В свою комнату я не пошел. Если бы я это сделал, мама почти наверняка, поев и помыв посуду, явилась бы ко мне допытываться, все ли у меня в порядке. Чтобы избежать объяснений, я вышел на улицу, пытаясь вспомнить, кого из ребят я в той реальности увидел до школы. Наверное, таких встреч не было, потому что все мои друзья приехали в последние дни августа. Кое-кого из девчонок из "рабочего" городка я тогда видел, но самому к ним подойти и завязать разговор... В школе - дело другое, а так... Слава богу, от прежней стеснительности не осталось и следа. Раз нет друзей, пойду искать девчонок. Я вернулся в квартиру и, пока мама возилась на кухне, поменял трико на более приличные брюки и попробовал расчесать волосы. В детстве я из-за волос пережил немало огорчений. Они у меня были материнские, густые и слегка вьющиеся. Все попытки сделать одну из нравившихся мне причесок ни к чему не привели. В конце шестого класса я даже пропустил день занятий из-за неудачной попытки уложить волосы назад. Я помыл голову, расчесал волосы в нужном направлении и туго завязал косынку. Когда я ее утром развязал, не смог сдержать слез: все волосы встали дыбом! Я просто не успевал их помыть и высушить еще раз, а идти с мокрой головой в середине апреля... Меня все пожалели, даже сестра отсмеялась тогда, когда думала, что я этого не замечу. Сейчас я несколько раз провел расческой по своей шевелюре и остался доволен. Было бы из-за чего терзаться! Очень красиво, не у всякой девчонки такие. Уже потеплело, поэтому я решил ограничиться рубашкой. Дополнив свой наряд туфлями, которые купили к школе, я вышел из дома и пошел к дыре в заборе. Хотелось пообщаться хоть с кем-нибудь из одноклассников и посмотреть, как они на меня будут реагировать. Да и соскучился я по ним за лето. А я другой - так за все семьдесят лет.
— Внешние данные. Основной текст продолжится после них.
lemma ref_basis_eq_0:
  assumes t: "real k \<le> t" "t \<le> real k + 1" and j: "j \<notin> {2*k, 2*k+1, 2*k+2}"
  shows "ref_basis j t = 0"
proof (cases "even j")
  case True
  moreover have "j \<noteq> 2*k" "j \<noteq> 2*k + 2" using j by auto
  ultimately have "j + 2 \<le> 2*k \<or> 2*k + 4 \<le> j" by presburger
  then have "real j + 2 \<le> 2 * real k \<or> 2 * real k + 4 \<le> real j" by linarith
  then have "1 \<le> \<bar>t - real j / 2\<bar>" using t by auto
  then show ?thesis using True by (simp add: ref_basis_def nodal_shape_eq_0)
next
  case False
  moreover have "j \<noteq> 2*k + 1" using j by auto
  ultimately have "j + 1 \<le> 2*k \<or> 2*k + 3 \<le> j" by presburger
  then have "real j + 1 \<le> 2 * real k \<or> 2 * real k + 3 \<le> real j" by linarith
  then have "1/2 \<le> \<bar>t - real j / 2\<bar>" using t by auto
  then show ?thesis using False by (simp add: ref_basis_def bubble_shape_eq_0)
qed

lemma sum_ref_basis:
  assumes M: "1 \<le> M" and t: "0 \<le> t" "t \<le> real M"
  shows "(\<Sum>j\<le>2*M. ref_basis j t) = 1"
proof -
  obtain k :: nat where k: "k < M" "real k \<le> t" "t \<le> real k + 1"
  proof (cases "t < real M")
    case True
    then show ?thesis
      using that[of "nat \<lfloor>t\<rfloor>"] t by linarith
  next
    case False
    then show ?thesis using that[of "M - 1"] M t by (auto simp: of_nat_diff)
  qed
  let ?S = "{2*k, 2*k+1, 2*k+2}"
  have "(\<Sum>j\<le>2*M. ref_basis j t) = (\<Sum>j\<in>?S. ref_basis j t)"
    using k ref_basis_eq_0[OF k(2,3)] by (intro sum.mono_neutral_right) auto
  also have "\<dots> = nodal_shape (t - k) + bubble_shape (t - (k + 1/2)) + nodal_shape (t - (k + 1))"
  proof -
    have "ref_basis (2*k+1) t = bubble_shape (t - real (2*k+1) / 2)" by (simp add: ref_basis_def)
    also have "real (2*k+1) / 2 = k + 1/2" by simp
    finally have "ref_basis (2*k+1) t = bubble_shape (t - (k + 1/2))" .
    moreover have "ref_basis (2*k+2) t = nodal_shape (t - (k + 1))"
      using ref_basis_even_eq[of "k + 1" t] by (simp add: algebra_simps)
    ultimately show ?thesis by (simp add: ref_basis_even_eq)
  qed
  also have "\<dots> = quad_profile (t - k) + (1 - 4 * (t - k - 1/2)\<^sup>2) + quad_profile (k + 1 - t)"
  proof -
    have "\<bar>t - k - 1/2\<bar> \<le> 1/2" unfolding abs_le_iff using k by linarith
    moreover have "\<bar>t - (k + 1)\<bar> = k + 1 - t" using k by simp
    ultimately show ?thesis using k by (simp add: nodal_shape_def bubble_shape_def algebra_simps)
  qed
  also have "\<dots> = 1"
    by (simp add: quad_profile_def power2_eq_square algebra_simps)
  finally show ?thesis .
qed
(* The right-hand side measures how far (x, u, w) is from a two-step orbit of f0, f1 that starts
   at a point y exiting through V; stays says it never vanishes, compactness makes it uniform. *)
lemma two_step_defect_lower_bound:
  fixes f0 f1 :: "'w \<Rightarrow> 'x::{metric_space, second_countable_topology} \<Rightarrow> 'x"
  assumes open_sets: "random_open M U" "random_open M U1" "random_open M U2" "random_open M V"
    and compact: "\<And>\<omega>. \<omega> \<in> space M \<Longrightarrow> compact (closure (U \<omega>))"
      "\<And>\<omega>. \<omega> \<in> space M \<Longrightarrow> compact (closure (U1 \<omega>))"
    and measurable: "\<And>x. (\<lambda>\<omega>. f0 \<omega> x) \<in> borel_measurable M" "\<And>x. (\<lambda>\<omega>. f1 \<omega> x) \<in> borel_measurable M"
    and continuous: "\<And>\<omega>. \<omega> \<in> space M \<Longrightarrow> continuous_on UNIV (f0 \<omega>)"
      "\<And>\<omega>. \<omega> \<in> space M \<Longrightarrow> continuous_on UNIV (f1 \<omega>)"
    and stays: "\<And>\<omega> x. \<omega> \<in> space M \<Longrightarrow> x \<in> closure (U \<omega>) \<Longrightarrow> f0 \<omega> x \<in> closure (U1 \<omega>)
      \<Longrightarrow> f1 \<omega> (f0 \<omega> x) \<in> closure (U2 \<omega>) \<Longrightarrow> f0 \<omega> x \<notin> closure (V \<omega>)"
  obtains \<tau> where "\<tau> \<in> borel_measurable M" "\<And>\<omega>. \<omega> \<in> space M \<Longrightarrow> 0 < \<tau> \<omega>"
    "\<And>\<omega> x y u w v. \<omega> \<in> space M \<Longrightarrow> x \<in> closure (U \<omega>) \<Longrightarrow> y \<in> closure (U \<omega>)
      \<Longrightarrow> u \<in> closure (U1 \<omega>) \<Longrightarrow> w \<in> closure (U2 \<omega>) \<Longrightarrow> v \<in> closure (V \<omega>)
      \<Longrightarrow> \<tau> \<omega> \<le> dist (f0 \<omega> x) u + dist (f1 \<omega> u) w + dist (f0 \<omega> y) v + dist x y"
proof -
  define \<Phi> where "\<Phi> \<omega> p = dist (f0 \<omega> (fst p)) (fst (snd p)) + infdist (f1 \<omega> (fst (snd p))) (U2 \<omega>)
    + infdist (f0 \<omega> (snd (snd p))) (V \<omega>) + dist (fst p) (snd (snd p))" for \<omega> p
  define W where "W \<omega> = U \<omega> \<times> U1 \<omega> \<times> U \<omega>" for \<omega>
  have closure_W: "closure (W \<omega>) = closure (U \<omega>) \<times> closure (U1 \<omega>) \<times> closure (U \<omega>)" for \<omega>
    unfolding W_def by (simp add: closure_Times)
  have compose: "continuous_on S (\<lambda>p. g (h p))"
    if "continuous_on UNIV g" "continuous_on S h" for g :: "'x \<Rightarrow> 'x" and S and h :: "'x \<times> 'x \<times> 'x \<Rightarrow> 'x"
    using continuous_on_compose2[OF that] by simp
  have W_open: "random_open M W"
    unfolding W_def by (intro random_open_Times open_sets)
  have W_compact: "compact (closure (W \<omega>))" if "\<omega> \<in> space M" for \<omega>
    unfolding closure_W using compact[OF that] by (intro compact_Times)
  have [measurable]: "(\<lambda>\<omega>. f0 \<omega> x) \<in> borel_measurable M" "(\<lambda>\<omega>. f1 \<omega> x) \<in> borel_measurable M"
    "(\<lambda>\<omega>. infdist (f1 \<omega> x) (U2 \<omega>)) \<in> borel_measurable M"
    "(\<lambda>\<omega>. infdist (f0 \<omega> x) (V \<omega>)) \<in> borel_measurable M" for x
    using measurable measurable_infdist_random_open open_sets by blast+
  have \<Phi>_measurable: "(\<lambda>\<omega>. \<Phi> \<omega> z) \<in> borel_measurable M" for z
    unfolding \<Phi>_def by measurable
  have \<Phi>_continuous: "continuous_on (closure (W \<omega>)) (\<Phi> \<omega>)" if "\<omega> \<in> space M" for \<omega>
    unfolding \<Phi>_def
    by (intro continuous_intros compose[OF continuous(1)[OF that]] compose[OF continuous(2)[OF that]])
  obtain \<tau> where \<tau>: "\<tau> \<in> borel_measurable M" "\<And>\<omega>. \<omega> \<in> space M \<Longrightarrow> 0 < \<tau> \<omega>"
    and bound: "\<And>\<omega> z. \<omega> \<in> space M \<Longrightarrow> \<forall>z\<in>closure (W \<omega>). 0 < \<Phi> \<omega> z \<Longrightarrow> z \<in> closure (W \<omega>)
      \<Longrightarrow> \<tau> \<omega> \<le> \<Phi> \<omega> z"
    using measurable_lower_bound[OF W_open W_compact \<Phi>_measurable \<Phi>_continuous] by metis
  show thesis
  proof (rule that[OF \<tau>])
    fix \<omega> x y u w v
    assume \<omega>: "\<omega> \<in> space M" and mem: "x \<in> closure (U \<omega>)" "y \<in> closure (U \<omega>)" "u \<in> closure (U1 \<omega>)"
      "w \<in> closure (U2 \<omega>)" "v \<in> closure (V \<omega>)"
    have nonempty: "U2 \<omega> \<noteq> {}" "V \<omega> \<noteq> {}" using mem(4,5) by auto
    have "0 < \<Phi> \<omega> p" if p: "p \<in> closure (W \<omega>)" for p
    proof (rule ccontr)
      obtain x' u' y' where p_eq: "p = (x', u', y')" by (cases p) auto
      assume "\<not> 0 < \<Phi> \<omega> p"
      then have "dist (f0 \<omega> x') u' + infdist (f1 \<omega> u') (U2 \<omega>) + infdist (f0 \<omega> y') (V \<omega>)
          + dist x' y' \<le> 0"
        unfolding \<Phi>_def p_eq by simp
      then have "dist (f0 \<omega> x') u' = 0" "infdist (f1 \<omega> u') (U2 \<omega>) = 0"
        "infdist (f0 \<omega> y') (V \<omega>) = 0" "dist x' y' = 0"
        using infdist_nonneg[of "f1 \<omega> u'" "U2 \<omega>"] infdist_nonneg[of "f0 \<omega> y'" "V \<omega>"]
          zero_le_dist[of "f0 \<omega> x'" u'] zero_le_dist[of x' y'] by linarith+
      then show False
        using stays[OF \<omega>, of x'] p nonempty unfolding closure_W p_eq
        by (auto simp: in_closure_iff_infdist_zero)
    qed
    then have "\<tau> \<omega> \<le> \<Phi> \<omega> (x, u, y)" using bound[OF \<omega>] mem(1-3) unfolding closure_W by blast
    also have "\<dots> \<le> dist (f0 \<omega> x) u + dist (f1 \<omega> u) w + dist (f0 \<omega> y) v + dist x y"
      using infdist_le[OF mem(4), of "f1 \<omega> u"] infdist_le[OF mem(5), of "f0 \<omega> y"]
      by (simp add: \<Phi>_def infdist_closure)
    finally show "\<tau> \<omega> \<le> dist (f0 \<omega> x) u + dist (f1 \<omega> u) w + dist (f0 \<omega> y) v + dist x y" .
  qed
qed
lemma isotropy_rep_iso_linear_action:
  fixes a :: "complex \<Rightarrow> 'a::euclidean_space \<Rightarrow> 'a" and \<phi> :: "complex^'n \<Rightarrow> 'a"
  assumes "linear \<phi>" "inj \<phi>" "range \<phi> = tangent_space X x"
    and lin: "\<And>g. g \<in> isotropy a x \<Longrightarrow> linear (a g)"
    and equiv: "\<And>g u. g \<in> isotropy a x \<Longrightarrow> a g (\<phi> u) = \<phi> (\<rho> g *v u)"
  shows "isotropy_rep_iso a X \<rho> x"
  unfolding isotropy_rep_iso_def
proof (intro exI[of _ \<phi>] conjI assms(1-3) allI ballI impI)
  fix g u \<gamma> assume g: "g \<in> isotropy a x" and "curve_through X x \<gamma> (\<phi> u)"
  then have "(\<gamma> has_derivative (\<lambda>t. t *\<^sub>R \<phi> u)) (at 0)"
    by (simp add: curve_through_def has_vector_derivative_def)
  moreover have "bounded_linear (a g)" using lin[OF g] by (simp add: linear_conv_bounded_linear)
  ultimately have "((\<lambda>t. a g (\<gamma> t)) has_derivative (\<lambda>t. a g (t *\<^sub>R \<phi> u))) (at 0)"
    using bounded_linear.has_derivative by blast
  then show "((\<lambda>t. a g (\<gamma> t)) has_vector_derivative \<phi> (\<rho> g *v u)) (at 0)"
    by (simp add: has_vector_derivative_def linear_scale[OF lin[OF g]] equiv[OF g])
qed

lemma vec_lambda_compose_linear_bij:
  fixes Q :: "'a::real_vector \<Rightarrow> complex^'n" and \<iota> :: "'n \<Rightarrow> complex \<Rightarrow> 'b::real_vector"
  assumes Q: "linear Q" "bij Q" and \<iota>: "\<And>i. linear (\<iota> i)" "\<And>i. inj (\<iota> i)"
  defines "\<phi> \<equiv> \<lambda>u. \<chi> i. \<iota> i (Q u $ i)"
  shows "linear \<phi>" "inj \<phi>" "range \<phi> = {v. \<forall>i. v $ i \<in> range (\<iota> i)}"
proof -
  show "linear \<phi>"
    by (rule linearI)
      (simp_all add: \<phi>_def vec_eq_iff linear_add[OF Q(1)] linear_scale[OF Q(1)]
        linear_add[OF \<iota>(1)] linear_scale[OF \<iota>(1)])
  show "inj \<phi>"
  proof (rule injI)
    fix u v assume "\<phi> u = \<phi> v"
    then have "Q u $ i = Q v $ i" for i using \<iota>(2) by (simp add: \<phi>_def vec_eq_iff inj_eq)
    then have "Q u = Q v" by (simp add: vec_eq_iff)
    then show "u = v" using Q(2) by (simp add: bij_def inj_eq)
  qed
  show "range \<phi> = {v. \<forall>i. v $ i \<in> range (\<iota> i)}"
  proof (intro set_eqI iffI)
    fix v assume "v \<in> {v. \<forall>i. v $ i \<in> range (\<iota> i)}"
    then have "\<forall>i. \<exists>z. v $ i = \<iota> i z" by auto
    from choice[OF this] obtain z where z: "\<And>i. v $ i = \<iota> i (z i)" by blast
    have "(\<chi> i. z i) \<in> range Q" using Q(2) by (simp add: bij_def)
    then obtain u where "Q u = (\<chi> i. z i)" by (metis rangeE)
    then have "\<phi> u = v" by (simp add: \<phi>_def vec_eq_iff z)
    then show "v \<in> range \<phi>" by blast
  qed (auto simp: \<phi>_def)
qed
lemma alg_phi_mono: "alg_phi gg ee (Suc t) x \<le> alg_phi gg ee (Suc (Suc t)) x"
  unfolding alg_phi_eq by (intro psi_mono alg_S2_pos) (simp_all add: alg_Suc alg_S2_pos less_imp_le)

context
  fixes gg :: "nat \<Rightarrow> 'v::real_inner" and ee :: "nat \<Rightarrow> real" and \<gamma> :: real
  assumes loss_le_1: "\<And>t. t \<ge> 1 \<Longrightarrow> norm (alg_loss gg ee t) \<le> 1"
    and loss_sq_sum: "\<And>t. (\<Sum>i<t. (norm (alg_loss gg ee (Suc i)))\<^sup>2) \<le> \<gamma>"
begin

lemma norm_alg_theta_le_bounded: "norm (alg_theta gg ee t) \<le> t"
proof -
  have "norm (alg_theta gg ee t) \<le> (\<Sum>i<t. norm (alg_loss gg ee (Suc i)))" by (rule norm_alg_theta_le)
  also have "\<dots> \<le> (\<Sum>i<t. 1)" by (intro sum_mono loss_le_1) simp
  finally show ?thesis by simp
qed

lemma alg_pot_le: "pot (alg_S2 gg ee t) (alg_Q gg ee t) (alg_theta gg ee t) \<le> exp ((real t)\<^sup>2 + t)"
proof -
  let ?r = "norm (alg_theta gg ee t)"
  have "huber (alg_S2 gg ee t) ?r \<le> ?r\<^sup>2 + ?r"
  proof (cases "?r \<le> alg_S2 gg ee t")
    case True
    have "?r\<^sup>2 / (4 * alg_S2 gg ee t) \<le> ?r\<^sup>2 / 1" using alg_S2_ge[of gg ee t] by (intro divide_left_mono) auto
    thus ?thesis using True by (auto simp: huber_def intro: add_increasing2)
  next
    case False
    have "?r/2 - alg_S2 gg ee t/4 \<le> ?r\<^sup>2 + ?r" using alg_S2_pos[of gg ee t] zero_le_power2[of ?r] norm_ge_zero[of "alg_theta gg ee t"] by linarith
    thus ?thesis using False by (simp add: huber_def)
  qed
  also have "\<dots> \<le> (real t)\<^sup>2 + t"
    using norm_alg_theta_le_bounded[of t] by (intro add_mono power_mono) auto
  finally show ?thesis using alg_Q_nonneg[of gg ee t] by (simp add: pot_def)
qed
Идти пришлось через территорию школы, и я не удержался и обошел ее вокруг. В школьной ограде были две калитки. Выйдя в одну из них, я направился к двухэтажным домам, где жили почти все девчонки нашего класса, в том числе и моя первая любовь. Повезло только в третьем дворе, где на лавочке о чем-то разговаривали Ольга Орленко и Ира Алферова. Увидев меня, они замолчали. Ира была самой крупной девочкой в классе, а у Оли была хорошая фигура и прекрасные светлые волосы, но ее внешность портили крупные черты лица. Когда я выбирал себе даму сердца, они в списках претенденток не значились.

- Привет, девочки! - поздоровался я. - Прекрасно выглядите! К школе морально подготовились?

В ответ на меня уставились две пары широко открытых глаз.

- Что я такого сказал, что вы так удивились? - спросил я, садясь между ними. - Разрешите присесть рядом? Не бойтесь, я не кусаюсь.

- Что с тобой, Ищенко? - спросила Оля. - Не заболел?

- Что, так плохо выгляжу? - спросил я глядя в глаза смутившейся Ольге. - Так я вроде смотрелся в зеркало и дефектов не нашел. И что у вас за дурацкая манера всех звать по фамилиям? Учителя - ладно, у них мы везде проходим пофамильно, а мы с вами школьные друзья. За четыре года в одном классе не запомнить имени... Точно говорят про девичью память, что она короткая.

- Выглядишь ты нормально, - пришла на помощь подруге Ира. - Ты себя ведешь ненормально.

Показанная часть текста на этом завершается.